__What you need to do__: Could you copy every line of the data that contains the word "open"?

───── Material for this exercise ─────

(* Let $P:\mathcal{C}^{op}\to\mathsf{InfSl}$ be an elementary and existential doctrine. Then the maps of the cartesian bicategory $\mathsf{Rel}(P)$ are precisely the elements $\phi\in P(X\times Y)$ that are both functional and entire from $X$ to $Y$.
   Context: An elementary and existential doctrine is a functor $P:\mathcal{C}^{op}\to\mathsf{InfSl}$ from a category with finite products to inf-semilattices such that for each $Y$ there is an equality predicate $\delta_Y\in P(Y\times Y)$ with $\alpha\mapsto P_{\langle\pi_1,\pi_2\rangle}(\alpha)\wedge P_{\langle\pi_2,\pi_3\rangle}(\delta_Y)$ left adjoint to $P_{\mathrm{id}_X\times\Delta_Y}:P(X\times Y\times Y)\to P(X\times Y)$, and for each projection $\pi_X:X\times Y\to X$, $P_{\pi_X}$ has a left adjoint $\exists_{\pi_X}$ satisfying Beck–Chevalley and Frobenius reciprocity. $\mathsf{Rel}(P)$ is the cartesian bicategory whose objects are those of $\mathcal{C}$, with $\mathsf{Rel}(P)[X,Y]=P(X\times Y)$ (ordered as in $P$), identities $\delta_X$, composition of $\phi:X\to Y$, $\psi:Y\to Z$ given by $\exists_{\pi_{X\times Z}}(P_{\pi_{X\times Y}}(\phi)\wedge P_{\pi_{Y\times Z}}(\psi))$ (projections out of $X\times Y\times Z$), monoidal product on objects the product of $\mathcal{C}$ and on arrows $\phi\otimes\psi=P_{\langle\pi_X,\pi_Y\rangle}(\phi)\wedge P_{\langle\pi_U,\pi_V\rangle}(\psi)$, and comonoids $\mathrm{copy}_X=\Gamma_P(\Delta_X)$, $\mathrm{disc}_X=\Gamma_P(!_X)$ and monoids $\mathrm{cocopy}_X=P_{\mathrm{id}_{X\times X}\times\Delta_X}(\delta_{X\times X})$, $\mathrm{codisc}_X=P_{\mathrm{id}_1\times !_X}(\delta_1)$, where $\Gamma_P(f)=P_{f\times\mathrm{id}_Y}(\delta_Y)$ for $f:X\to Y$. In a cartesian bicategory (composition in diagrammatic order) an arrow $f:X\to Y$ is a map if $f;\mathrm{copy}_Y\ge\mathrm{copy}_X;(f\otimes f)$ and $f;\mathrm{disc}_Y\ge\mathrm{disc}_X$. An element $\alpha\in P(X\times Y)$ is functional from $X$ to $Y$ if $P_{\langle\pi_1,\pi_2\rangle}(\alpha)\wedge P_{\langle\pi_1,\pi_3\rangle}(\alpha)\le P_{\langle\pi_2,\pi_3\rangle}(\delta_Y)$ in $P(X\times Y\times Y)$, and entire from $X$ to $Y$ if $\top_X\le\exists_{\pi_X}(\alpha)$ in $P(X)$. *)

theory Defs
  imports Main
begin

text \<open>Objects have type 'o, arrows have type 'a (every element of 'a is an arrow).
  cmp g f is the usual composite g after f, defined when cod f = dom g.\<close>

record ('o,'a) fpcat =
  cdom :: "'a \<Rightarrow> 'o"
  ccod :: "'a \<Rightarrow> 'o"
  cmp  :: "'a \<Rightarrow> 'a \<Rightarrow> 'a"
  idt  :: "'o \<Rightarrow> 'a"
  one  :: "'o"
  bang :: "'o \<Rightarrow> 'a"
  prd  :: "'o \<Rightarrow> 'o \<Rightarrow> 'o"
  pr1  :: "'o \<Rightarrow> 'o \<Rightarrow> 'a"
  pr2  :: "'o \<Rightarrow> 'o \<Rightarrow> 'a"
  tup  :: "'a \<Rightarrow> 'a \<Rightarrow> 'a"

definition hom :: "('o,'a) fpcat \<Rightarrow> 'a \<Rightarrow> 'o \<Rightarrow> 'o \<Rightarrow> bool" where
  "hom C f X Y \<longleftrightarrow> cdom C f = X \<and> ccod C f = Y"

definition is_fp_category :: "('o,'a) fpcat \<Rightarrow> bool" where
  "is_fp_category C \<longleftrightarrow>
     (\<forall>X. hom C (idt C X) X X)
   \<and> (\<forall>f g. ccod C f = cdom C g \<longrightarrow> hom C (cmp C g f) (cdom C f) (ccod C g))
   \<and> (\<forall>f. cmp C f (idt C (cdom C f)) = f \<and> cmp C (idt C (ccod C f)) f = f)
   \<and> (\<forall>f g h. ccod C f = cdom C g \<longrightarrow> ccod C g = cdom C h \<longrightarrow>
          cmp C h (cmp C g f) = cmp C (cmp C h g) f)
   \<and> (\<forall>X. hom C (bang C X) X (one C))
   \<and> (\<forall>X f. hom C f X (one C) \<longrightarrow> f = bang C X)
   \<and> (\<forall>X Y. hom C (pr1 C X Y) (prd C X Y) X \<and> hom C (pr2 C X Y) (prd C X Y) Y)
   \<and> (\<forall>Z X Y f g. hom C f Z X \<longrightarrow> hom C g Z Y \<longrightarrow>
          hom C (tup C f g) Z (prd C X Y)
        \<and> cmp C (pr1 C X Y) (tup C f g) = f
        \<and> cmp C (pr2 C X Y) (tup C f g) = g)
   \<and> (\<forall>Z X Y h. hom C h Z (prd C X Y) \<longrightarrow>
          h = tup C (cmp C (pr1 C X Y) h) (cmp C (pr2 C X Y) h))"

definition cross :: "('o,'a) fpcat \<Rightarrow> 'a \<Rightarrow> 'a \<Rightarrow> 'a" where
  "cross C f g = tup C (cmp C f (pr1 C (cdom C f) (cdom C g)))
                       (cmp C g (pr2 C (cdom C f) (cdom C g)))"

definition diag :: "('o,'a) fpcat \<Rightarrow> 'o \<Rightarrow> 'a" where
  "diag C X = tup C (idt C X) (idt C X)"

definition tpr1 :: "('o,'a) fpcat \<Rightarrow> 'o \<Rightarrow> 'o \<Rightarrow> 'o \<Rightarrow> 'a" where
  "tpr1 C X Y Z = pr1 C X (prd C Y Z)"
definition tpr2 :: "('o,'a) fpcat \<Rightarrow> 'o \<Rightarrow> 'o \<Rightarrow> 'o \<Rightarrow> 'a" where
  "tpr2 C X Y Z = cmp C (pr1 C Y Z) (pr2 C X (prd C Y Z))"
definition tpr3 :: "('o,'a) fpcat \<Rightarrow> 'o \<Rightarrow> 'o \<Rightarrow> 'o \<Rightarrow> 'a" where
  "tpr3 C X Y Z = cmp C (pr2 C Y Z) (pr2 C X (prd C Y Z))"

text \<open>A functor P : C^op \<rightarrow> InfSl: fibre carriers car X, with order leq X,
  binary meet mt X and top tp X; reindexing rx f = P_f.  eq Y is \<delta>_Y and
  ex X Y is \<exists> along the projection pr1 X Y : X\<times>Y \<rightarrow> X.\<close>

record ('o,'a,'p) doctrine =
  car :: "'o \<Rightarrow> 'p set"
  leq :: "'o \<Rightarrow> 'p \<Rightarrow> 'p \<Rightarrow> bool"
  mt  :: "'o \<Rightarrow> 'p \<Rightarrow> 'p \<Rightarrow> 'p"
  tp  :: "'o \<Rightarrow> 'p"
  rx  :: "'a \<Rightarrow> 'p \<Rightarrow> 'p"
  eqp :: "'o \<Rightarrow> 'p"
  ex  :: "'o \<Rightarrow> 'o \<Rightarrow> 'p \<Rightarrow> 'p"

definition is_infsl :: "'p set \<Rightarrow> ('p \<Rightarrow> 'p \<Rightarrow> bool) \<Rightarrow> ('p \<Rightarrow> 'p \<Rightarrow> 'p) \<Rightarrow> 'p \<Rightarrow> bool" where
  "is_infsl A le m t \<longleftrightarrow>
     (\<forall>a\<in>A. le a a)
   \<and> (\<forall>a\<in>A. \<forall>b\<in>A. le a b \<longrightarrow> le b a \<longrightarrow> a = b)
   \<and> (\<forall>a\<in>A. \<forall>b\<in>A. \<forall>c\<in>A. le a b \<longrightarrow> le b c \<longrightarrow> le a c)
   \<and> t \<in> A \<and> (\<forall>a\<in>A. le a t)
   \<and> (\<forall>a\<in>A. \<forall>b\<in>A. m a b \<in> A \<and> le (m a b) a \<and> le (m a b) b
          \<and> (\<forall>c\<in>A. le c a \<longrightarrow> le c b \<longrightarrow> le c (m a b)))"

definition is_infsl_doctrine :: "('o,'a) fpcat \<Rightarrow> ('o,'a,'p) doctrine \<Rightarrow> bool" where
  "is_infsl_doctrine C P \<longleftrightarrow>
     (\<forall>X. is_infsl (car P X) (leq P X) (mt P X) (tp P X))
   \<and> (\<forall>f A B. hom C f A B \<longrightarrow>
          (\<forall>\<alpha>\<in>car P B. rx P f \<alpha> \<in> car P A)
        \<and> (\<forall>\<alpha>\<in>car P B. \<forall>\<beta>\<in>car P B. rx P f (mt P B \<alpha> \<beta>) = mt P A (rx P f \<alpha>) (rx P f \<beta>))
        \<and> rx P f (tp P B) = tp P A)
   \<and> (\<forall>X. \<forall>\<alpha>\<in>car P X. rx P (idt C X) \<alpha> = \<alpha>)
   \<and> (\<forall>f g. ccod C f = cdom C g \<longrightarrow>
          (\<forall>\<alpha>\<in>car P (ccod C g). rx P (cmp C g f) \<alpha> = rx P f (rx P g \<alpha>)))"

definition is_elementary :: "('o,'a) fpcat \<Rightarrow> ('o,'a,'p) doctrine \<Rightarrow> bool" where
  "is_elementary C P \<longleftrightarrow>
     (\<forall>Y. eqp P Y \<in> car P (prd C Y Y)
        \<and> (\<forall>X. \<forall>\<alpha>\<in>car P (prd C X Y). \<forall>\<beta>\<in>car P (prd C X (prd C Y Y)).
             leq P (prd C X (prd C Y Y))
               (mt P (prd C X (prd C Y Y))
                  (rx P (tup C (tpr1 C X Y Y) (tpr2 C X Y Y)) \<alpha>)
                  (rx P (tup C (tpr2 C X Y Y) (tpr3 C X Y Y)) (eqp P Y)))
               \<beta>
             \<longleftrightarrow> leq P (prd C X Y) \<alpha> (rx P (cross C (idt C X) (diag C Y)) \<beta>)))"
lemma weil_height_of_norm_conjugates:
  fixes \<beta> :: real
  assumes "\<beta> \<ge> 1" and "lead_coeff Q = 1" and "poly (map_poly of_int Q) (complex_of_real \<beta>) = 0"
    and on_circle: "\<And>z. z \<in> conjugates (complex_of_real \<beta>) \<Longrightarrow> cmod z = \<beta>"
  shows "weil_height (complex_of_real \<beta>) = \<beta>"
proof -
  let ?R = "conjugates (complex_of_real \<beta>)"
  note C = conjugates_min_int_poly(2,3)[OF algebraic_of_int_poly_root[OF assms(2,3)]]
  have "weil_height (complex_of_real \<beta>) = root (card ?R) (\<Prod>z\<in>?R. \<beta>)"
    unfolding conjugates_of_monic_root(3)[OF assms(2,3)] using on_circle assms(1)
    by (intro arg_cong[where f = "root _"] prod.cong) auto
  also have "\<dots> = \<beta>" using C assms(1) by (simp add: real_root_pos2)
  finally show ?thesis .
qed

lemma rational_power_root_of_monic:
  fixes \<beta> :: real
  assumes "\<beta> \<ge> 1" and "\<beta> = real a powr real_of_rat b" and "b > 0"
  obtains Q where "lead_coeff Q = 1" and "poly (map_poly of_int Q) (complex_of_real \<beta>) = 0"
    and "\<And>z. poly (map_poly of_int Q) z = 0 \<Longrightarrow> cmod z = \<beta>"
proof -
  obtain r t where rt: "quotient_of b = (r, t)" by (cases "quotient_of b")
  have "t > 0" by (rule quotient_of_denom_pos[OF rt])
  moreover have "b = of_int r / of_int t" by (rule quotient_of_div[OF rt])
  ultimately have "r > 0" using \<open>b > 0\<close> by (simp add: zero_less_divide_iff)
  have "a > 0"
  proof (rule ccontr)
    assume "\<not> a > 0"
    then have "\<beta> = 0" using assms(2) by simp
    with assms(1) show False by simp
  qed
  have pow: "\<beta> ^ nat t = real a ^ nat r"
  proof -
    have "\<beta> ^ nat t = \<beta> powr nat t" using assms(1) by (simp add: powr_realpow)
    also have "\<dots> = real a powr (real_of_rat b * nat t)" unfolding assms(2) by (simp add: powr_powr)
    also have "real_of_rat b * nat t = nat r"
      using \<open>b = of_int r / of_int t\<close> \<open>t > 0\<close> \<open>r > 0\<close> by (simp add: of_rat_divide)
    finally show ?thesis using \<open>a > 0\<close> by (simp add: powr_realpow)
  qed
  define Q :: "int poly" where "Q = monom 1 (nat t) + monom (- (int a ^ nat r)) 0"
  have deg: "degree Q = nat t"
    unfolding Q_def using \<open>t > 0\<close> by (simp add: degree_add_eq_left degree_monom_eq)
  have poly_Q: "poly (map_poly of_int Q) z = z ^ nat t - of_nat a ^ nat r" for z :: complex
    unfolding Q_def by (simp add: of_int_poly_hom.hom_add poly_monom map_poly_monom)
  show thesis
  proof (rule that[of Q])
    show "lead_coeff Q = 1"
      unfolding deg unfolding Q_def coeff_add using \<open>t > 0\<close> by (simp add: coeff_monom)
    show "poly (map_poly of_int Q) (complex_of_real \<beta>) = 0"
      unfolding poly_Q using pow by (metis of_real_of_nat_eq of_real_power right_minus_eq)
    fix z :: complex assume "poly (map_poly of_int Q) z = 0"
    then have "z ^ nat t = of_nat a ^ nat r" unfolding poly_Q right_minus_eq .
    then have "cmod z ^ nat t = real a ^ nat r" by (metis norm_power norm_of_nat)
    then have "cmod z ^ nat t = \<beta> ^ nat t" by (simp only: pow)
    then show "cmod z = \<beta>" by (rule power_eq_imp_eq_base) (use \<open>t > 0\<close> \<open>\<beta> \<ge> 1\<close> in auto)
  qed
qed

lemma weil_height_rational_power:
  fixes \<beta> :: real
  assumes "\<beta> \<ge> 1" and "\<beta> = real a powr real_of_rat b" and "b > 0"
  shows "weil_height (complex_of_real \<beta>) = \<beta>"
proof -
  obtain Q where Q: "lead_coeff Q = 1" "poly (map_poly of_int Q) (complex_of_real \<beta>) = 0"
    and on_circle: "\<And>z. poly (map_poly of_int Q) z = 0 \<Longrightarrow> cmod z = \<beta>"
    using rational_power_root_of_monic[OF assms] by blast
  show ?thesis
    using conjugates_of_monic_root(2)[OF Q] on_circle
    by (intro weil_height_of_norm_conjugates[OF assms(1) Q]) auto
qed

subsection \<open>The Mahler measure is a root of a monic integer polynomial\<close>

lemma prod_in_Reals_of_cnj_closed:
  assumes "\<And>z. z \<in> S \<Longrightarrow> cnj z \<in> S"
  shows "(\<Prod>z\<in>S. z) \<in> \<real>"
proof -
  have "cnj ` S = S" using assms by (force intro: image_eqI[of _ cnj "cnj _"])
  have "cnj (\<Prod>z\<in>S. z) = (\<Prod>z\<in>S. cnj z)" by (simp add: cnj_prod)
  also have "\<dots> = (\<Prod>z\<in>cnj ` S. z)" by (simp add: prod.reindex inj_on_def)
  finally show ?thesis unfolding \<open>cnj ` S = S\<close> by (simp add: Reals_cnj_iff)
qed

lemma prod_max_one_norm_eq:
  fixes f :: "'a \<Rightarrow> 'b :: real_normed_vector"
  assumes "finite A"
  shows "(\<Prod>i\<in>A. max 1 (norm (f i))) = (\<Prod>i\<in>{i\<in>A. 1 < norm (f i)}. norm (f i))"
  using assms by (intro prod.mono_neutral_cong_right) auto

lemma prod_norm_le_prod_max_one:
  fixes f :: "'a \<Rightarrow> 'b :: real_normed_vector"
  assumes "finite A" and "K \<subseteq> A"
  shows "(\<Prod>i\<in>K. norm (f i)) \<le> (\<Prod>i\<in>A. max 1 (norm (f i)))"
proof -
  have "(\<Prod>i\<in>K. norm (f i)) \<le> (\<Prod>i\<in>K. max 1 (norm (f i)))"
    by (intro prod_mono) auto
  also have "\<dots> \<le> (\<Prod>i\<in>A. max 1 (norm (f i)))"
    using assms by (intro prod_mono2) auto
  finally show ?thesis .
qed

─────

__Reply__:
text \<open>Objects have type 'o, arrows have type 'a (every element of 'a is an arrow).
text \<open>A functor P : C^op \<rightarrow> InfSl: fibre carriers car X, with order leq X,
  ultimately have "r > 0" using \<open>b > 0\<close> by (simp add: zero_less_divide_iff)
      using \<open>b = of_int r / of_int t\<close> \<open>t > 0\<close> \<open>r > 0\<close> by (simp add: of_rat_divide)
    finally show ?thesis using \<open>a > 0\<close> by (simp add: powr_realpow)
    unfolding Q_def using \<open>t > 0\<close> by (simp add: degree_add_eq_left degree_monom_eq)
      unfolding deg unfolding Q_def coeff_add using \<open>t > 0\<close> by (simp add: coeff_monom)
    then show "cmod z = \<beta>" by (rule power_eq_imp_eq_base) (use \<open>t > 0\<close> \<open>\<beta> \<ge> 1\<close> in auto)
subsection \<open>The Mahler measure is a root of a monic integer polynomial\<close>
  finally show ?thesis unfolding \<open>cnj ` S = S\<close> by (simp add: Reals_cnj_iff)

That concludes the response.